lemma commuting_selfadjoint_simultaneous_eigenvectors:
  fixes f :: "'i \<Rightarrow> 'a::euclidean_space \<Rightarrow> 'a"
  assumes lin: "\<And>i. i \<in> I \<Longrightarrow> linear (f i)"
    and sa: "\<And>i x y. i \<in> I \<Longrightarrow> inner (f i x) y = inner x (f i y)"
    and comm: "\<And>i j x. i \<in> I \<Longrightarrow> j \<in> I \<Longrightarrow> f i (f j x) = f j (f i x)"
  shows "subspace U \<Longrightarrow> (\<And>i. i \<in> I \<Longrightarrow> f i ` U \<subseteq> U) \<Longrightarrow>
    U \<subseteq> span {x \<in> U. \<exists>c. \<forall>i\<in>I. f i x = c i *\<^sub>R x}"
proof (induction "dim U" arbitrary: U rule: less_induct)
  case less
  let ?J = "\<lambda>U. {x \<in> U. \<exists>c. \<forall>i\<in>I. f i x = c i *\<^sub>R x}"
  have J_mono: "span (?J S) \<subseteq> span (?J U)" if "S \<subseteq> U" for S
    using that by (intro span_mono) blast
  have dim_less: "dim S < dim U" if "subspace S" "S \<subseteq> U" "S \<noteq> U" for S
    using that less.prems(1) dim_subset[of S U] subspace_dim_equal[of S U] by linarith
  show ?case
  proof (cases "\<forall>i\<in>I. \<forall>x\<in>U. \<exists>c. f i x = c *\<^sub>R x")
    case True
    have "U \<subseteq> ?J U"
    proof
      fix x assume "x \<in> U"
      then have "\<forall>i\<in>I. \<exists>c. f i x = c *\<^sub>R x"
        using True by blast
      then show "x \<in> ?J U"
        using \<open>x \<in> U\<close> by (auto dest: bchoice)
    qed
    then show ?thesis
      using span_superset by blast
  next
    case False
    then obtain i x1 where i: "i \<in> I" and x1: "x1 \<in> U" "\<And>c. f i x1 \<noteq> c *\<^sub>R x1"
      by blast
    have "x1 \<noteq> 0"
      using x1(2)[of 0] linear_0[OF lin[OF i]] by auto
    then have "U \<noteq> {0}"
      using x1(1) by blast
    then obtain x0 c where x0: "x0 \<in> U" "x0 \<noteq> 0" "f i x0 = c *\<^sub>R x0"
      using selfadjoint_eigenvector_exists[OF lin[OF i] less.prems(1) _ less.prems(2)[OF i] sa[OF i]]
      by blast
    define E where "E = {x \<in> U. f i x = c *\<^sub>R x}"
    define E' where "E' = {x \<in> U. \<forall>e\<in>E. inner x e = 0}"
    have "subspace E"
      using less.prems(1) lin[OF i]
      by (auto simp: E_def subspace_def linear_add linear_scale linear_0 algebra_simps)
    have "subspace E'"
      unfolding E'_def by (rule subspace_orthogonal_complement[OF less.prems(1)])
    have "E \<subseteq> U" "E' \<subseteq> U"
      by (auto simp: E_def E'_def)
    have "E \<noteq> U"
      using x1 by (auto simp: E_def)
    have "x0 \<in> E" "x0 \<notin> E'"
      using x0 by (auto simp: E_def E'_def)
    then have "E' \<noteq> U"
      using x0(1) by blast
    have inv_E: "f j ` E \<subseteq> E" if "j \<in> I" for j
      unfolding E_def using that i by (intro eigenspace_invariant lin comm less.prems(2))
    have inv_E': "f j ` E' \<subseteq> E'" if "j \<in> I" for j
      unfolding E'_def using that by (intro orthogonal_complement_invariant sa inv_E less.prems(2))
    have E_span: "E \<subseteq> span (?J U)"
      using less.hyps[OF dim_less \<open>subspace E\<close> inv_E] J_mono
        \<open>subspace E\<close> \<open>E \<subseteq> U\<close> \<open>E \<noteq> U\<close> by blast
    have E'_span: "E' \<subseteq> span (?J U)"
      using less.hyps[OF dim_less \<open>subspace E'\<close> inv_E'] J_mono
        \<open>subspace E'\<close> \<open>E' \<subseteq> U\<close> \<open>E' \<noteq> U\<close> by blast
    show ?thesis
    proof
      fix u assume "u \<in> U"
      then obtain y z where "y \<in> E" "z \<in> E'" "u = y + z"
        using decompose_orthogonal_complement[OF \<open>subspace E\<close> less.prems(1) \<open>E \<subseteq> U\<close>]
        unfolding E'_def by blast
      then show "u \<in> span (?J U)"
        using E_span E'_span by (auto intro: span_add)
    qed
  qed
qed

section \<open>Centralizers of flat factors\<close>

definition centralizer :: "(real^'n^'n) set \<Rightarrow> (real^'n^'n) set \<Rightarrow> (real^'n^'n) set" where
  "centralizer S V = {X \<in> S. \<forall>v\<in>V. lie_bracket v X = 0}"

lemma subspace_centralizer: "subspace S \<Longrightarrow> subspace (centralizer S V)"
  by (auto simp: subspace_def centralizer_def lie_bracket_add_right lie_bracket_scaleR_right)

lemma subspace_ppart: "subspace g \<Longrightarrow> subspace (ppart g)"
  by (auto simp: subspace_def ppart_def linear_add[OF linear_transpose]
      linear_scale[OF linear_transpose] linear_0[OF linear_transpose])

lemma transpose_triple_bracket_symmetric:
  assumes "transpose X = X" "transpose Y = Y" "transpose Z = Z"
  shows "transpose (lie_bracket X (lie_bracket Y Z)) = lie_bracket X (lie_bracket Y Z)"
proof -
  have "transpose (lie_bracket X (lie_bracket Y Z)) = lie_bracket (lie_bracket Z Y) X"
    by (simp add: transpose_lie_bracket assms)
  also have "\<dots> = lie_bracket X (lie_bracket Y Z)"
    by (simp add: lie_bracket_def matrix_mult_diff_left matrix_mult_diff_right)
  finally show ?thesis .
qed

lemma lie_triple_system_centralizer:
  assumes "self_adjoint_lie_algebra g"
  shows "lie_triple_system g (centralizer (ppart g) V)"
  unfolding lie_triple_system_def
proof (intro conjI ballI)
  show "subspace (centralizer (ppart g) V)"
    using assms by (simp add: self_adjoint_lie_algebra_def subspace_centralizer subspace_ppart)
  show "centralizer (ppart g) V \<subseteq> ppart g"
    by (auto simp: centralizer_def)
  fix X Y Z assume XYZ: "X \<in> centralizer (ppart g) V" "Y \<in> centralizer (ppart g) V"
    "Z \<in> centralizer (ppart g) V"
  then have "lie_bracket X (lie_bracket Y Z) \<in> ppart g"
    using assms
    by (simp add: centralizer_def ppart_def self_adjoint_lie_algebra_def
        transpose_triple_bracket_symmetric)
  moreover have "lie_bracket v (lie_bracket X (lie_bracket Y Z)) = 0" if "v \<in> V" for v
    using XYZ that by (simp add: centralizer_def lie_bracket_jacobi[of v])
  ultimately show "lie_bracket X (lie_bracket Y Z) \<in> centralizer (ppart g) V"
    by (simp add: centralizer_def)
qed

lemma dim_le_srk:
  assumes "lie_triple_system g P" "flat_factor P k V"
  shows "dim P \<le> srk g k"
  unfolding srk_def
  by (rule Greatest_le_nat[where b = "DIM(real^'n^'n)"])
    (use assms dim_subset_UNIV[where 'a="real^'n^'n"] in auto)

lemma maximal_split_lie_triple_system_eq_centralizer:
  assumes "self_adjoint_lie_algebra g" "lie_triple_system g P" "flat_factor P k V"
    and "dim P = srk g k"
  shows "P = centralizer (ppart g) V"
proof (rule subspace_dim_equal)
  show "subspace P"
    using assms(2) by (simp add: lie_triple_system_def)
  show "subspace (centralizer (ppart g) V)" "P \<subseteq> centralizer (ppart g) V"
    using lie_triple_system_centralizer[OF assms(1)] assms(2,3)
    by (auto simp: lie_triple_system_def flat_factor_def centralizer_def)
  then have "flat_factor (centralizer (ppart g) V) k V"
    using assms(3) by (auto simp: flat_factor_def centralizer_def)
  then show "dim (centralizer (ppart g) V) \<le> dim P"
    using dim_le_srk lie_triple_system_centralizer[OF assms(1)] assms(4) by metis
qed

section \<open>Restricted root spaces\<close>

definition symmetric_part :: "real^'n^'n \<Rightarrow> real^'n^'n" where
  "symmetric_part X = (1/2) *\<^sub>R (X + transpose X)"

lemma linear_symmetric_part: "linear symmetric_part"
  unfolding symmetric_part_def
  by (simp add: linear_iff linear_add[OF linear_transpose] linear_scale[OF linear_transpose]
      algebra_simps)

lemma symmetric_part_eq: "transpose X = X \<Longrightarrow> symmetric_part X = X"
  by (simp add: symmetric_part_def scaleR_2[symmetric])

lemma symmetric_part_in_ppart:
  assumes "self_adjoint_lie_algebra g" "X \<in> g"
  shows "symmetric_part X \<in> ppart g"
  using assms
  by (auto simp: symmetric_part_def ppart_def self_adjoint_lie_algebra_def subspace_add subspace_scale
      linear_add[OF linear_transpose] linear_scale[OF linear_transpose] add.commute)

= = =

Your task is to set down again, exactly, every line from the beginning of the listing through the line with "I \<Longrightarrow> j".

lemma commuting_selfadjoint_simultaneous_eigenvectors:
  fixes f :: "'i \<Rightarrow> 'a::euclidean_space \<Rightarrow> 'a"
  assumes lin: "\<And>i. i \<in> I \<Longrightarrow> linear (f i)"
    and sa: "\<And>i x y. i \<in> I \<Longrightarrow> inner (f i x) y = inner x (f i y)"
    and comm: "\<And>i j x. i \<in> I \<Longrightarrow> j \<in> I \<Longrightarrow> f i (f j x) = f j (f i x)"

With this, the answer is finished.